§ **WHAT THE EXERCISE ASKS**
Copy exactly the stretch of data below from the line with "card V * (card" through the line with "(x, y) = nbhd", including both of those lines.

§ **MATERIALS PROVIDED**

--------------------------------

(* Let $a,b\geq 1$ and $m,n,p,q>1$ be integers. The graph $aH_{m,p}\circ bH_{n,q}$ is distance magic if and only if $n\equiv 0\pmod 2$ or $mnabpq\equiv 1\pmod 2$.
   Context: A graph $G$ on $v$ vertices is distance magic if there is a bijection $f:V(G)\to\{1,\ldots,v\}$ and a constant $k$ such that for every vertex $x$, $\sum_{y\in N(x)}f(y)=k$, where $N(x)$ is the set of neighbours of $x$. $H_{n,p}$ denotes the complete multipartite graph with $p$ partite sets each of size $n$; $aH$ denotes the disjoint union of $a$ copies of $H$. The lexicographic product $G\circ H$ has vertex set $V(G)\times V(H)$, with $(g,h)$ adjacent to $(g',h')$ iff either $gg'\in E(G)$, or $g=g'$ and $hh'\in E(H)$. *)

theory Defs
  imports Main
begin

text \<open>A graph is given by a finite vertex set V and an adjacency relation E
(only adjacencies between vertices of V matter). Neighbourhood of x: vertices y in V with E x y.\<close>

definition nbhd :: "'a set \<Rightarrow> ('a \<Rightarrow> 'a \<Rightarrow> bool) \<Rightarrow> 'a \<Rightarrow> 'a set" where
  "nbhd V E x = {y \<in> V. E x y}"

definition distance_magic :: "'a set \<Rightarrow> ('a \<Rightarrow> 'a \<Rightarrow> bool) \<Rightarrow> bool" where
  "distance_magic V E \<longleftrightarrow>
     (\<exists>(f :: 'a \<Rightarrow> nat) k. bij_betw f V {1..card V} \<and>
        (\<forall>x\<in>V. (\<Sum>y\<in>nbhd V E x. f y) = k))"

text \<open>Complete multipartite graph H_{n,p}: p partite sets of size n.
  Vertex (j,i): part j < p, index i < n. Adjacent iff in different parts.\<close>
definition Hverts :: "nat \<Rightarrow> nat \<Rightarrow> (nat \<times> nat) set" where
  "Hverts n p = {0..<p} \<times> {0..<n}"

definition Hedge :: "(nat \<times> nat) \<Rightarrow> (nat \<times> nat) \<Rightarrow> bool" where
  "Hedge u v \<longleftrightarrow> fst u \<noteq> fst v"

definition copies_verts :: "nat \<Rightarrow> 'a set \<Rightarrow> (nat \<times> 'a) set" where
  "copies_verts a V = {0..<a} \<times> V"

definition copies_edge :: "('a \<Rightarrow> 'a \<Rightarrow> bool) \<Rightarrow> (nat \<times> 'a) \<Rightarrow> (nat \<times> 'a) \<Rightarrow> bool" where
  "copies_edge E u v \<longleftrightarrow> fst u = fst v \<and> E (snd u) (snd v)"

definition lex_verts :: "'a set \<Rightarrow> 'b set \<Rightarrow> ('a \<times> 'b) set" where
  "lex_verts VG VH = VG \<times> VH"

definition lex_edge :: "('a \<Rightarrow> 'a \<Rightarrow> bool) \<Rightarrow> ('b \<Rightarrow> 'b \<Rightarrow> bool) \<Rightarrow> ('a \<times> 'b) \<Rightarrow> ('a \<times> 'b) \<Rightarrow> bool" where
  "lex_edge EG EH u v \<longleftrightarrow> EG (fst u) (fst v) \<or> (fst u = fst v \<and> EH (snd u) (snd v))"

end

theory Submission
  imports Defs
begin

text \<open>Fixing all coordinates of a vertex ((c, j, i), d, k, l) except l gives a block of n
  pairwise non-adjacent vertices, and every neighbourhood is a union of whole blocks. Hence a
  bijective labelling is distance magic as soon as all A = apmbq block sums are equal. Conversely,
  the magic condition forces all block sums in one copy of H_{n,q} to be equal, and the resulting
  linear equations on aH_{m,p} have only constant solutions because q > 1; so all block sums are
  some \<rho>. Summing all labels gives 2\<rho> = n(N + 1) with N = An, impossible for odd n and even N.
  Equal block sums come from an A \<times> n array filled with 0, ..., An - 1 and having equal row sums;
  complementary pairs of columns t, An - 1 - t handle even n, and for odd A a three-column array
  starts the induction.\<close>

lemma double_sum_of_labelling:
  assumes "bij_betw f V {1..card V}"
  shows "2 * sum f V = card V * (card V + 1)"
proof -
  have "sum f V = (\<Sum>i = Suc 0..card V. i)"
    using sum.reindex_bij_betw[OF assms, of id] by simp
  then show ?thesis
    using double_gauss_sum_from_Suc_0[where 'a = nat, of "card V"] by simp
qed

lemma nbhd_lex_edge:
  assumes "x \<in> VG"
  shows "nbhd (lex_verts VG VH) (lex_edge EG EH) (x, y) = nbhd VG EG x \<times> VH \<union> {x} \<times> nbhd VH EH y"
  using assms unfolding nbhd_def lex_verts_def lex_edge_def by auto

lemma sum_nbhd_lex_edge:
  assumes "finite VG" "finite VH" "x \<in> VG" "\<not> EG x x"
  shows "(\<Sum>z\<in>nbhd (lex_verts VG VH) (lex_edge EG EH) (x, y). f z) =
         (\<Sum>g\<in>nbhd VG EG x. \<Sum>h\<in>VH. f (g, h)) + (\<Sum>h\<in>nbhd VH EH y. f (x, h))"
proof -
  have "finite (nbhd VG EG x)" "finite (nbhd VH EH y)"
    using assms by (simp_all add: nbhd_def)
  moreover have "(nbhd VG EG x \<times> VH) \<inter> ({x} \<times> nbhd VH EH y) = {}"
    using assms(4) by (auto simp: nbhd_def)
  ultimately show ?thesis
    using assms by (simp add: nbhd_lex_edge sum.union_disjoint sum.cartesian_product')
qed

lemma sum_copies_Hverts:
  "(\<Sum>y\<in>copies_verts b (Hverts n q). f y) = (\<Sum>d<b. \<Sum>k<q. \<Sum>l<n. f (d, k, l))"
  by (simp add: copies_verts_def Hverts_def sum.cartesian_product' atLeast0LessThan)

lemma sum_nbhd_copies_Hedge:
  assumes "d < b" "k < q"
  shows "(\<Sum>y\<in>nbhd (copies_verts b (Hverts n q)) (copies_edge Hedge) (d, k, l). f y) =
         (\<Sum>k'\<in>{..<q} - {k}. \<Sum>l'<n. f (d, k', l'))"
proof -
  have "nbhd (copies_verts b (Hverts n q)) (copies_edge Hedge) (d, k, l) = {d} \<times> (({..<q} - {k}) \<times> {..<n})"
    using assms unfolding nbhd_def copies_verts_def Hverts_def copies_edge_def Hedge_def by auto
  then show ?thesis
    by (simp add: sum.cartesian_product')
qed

--------------------------------

§ **FINAL ANSWER**
  shows "2 * sum f V = card V * (card V + 1)"
proof -
  have "sum f V = (\<Sum>i = Suc 0..card V. i)"
    using sum.reindex_bij_betw[OF assms, of id] by simp
  then show ?thesis
    using double_gauss_sum_from_Suc_0[where 'a = nat, of "card V"] by simp
qed

lemma nbhd_lex_edge:
  assumes "x \<in> VG"
  shows "nbhd (lex_verts VG VH) (lex_edge EG EH) (x, y) = nbhd VG EG x \<times> VH \<union> {x} \<times> nbhd VH EH y"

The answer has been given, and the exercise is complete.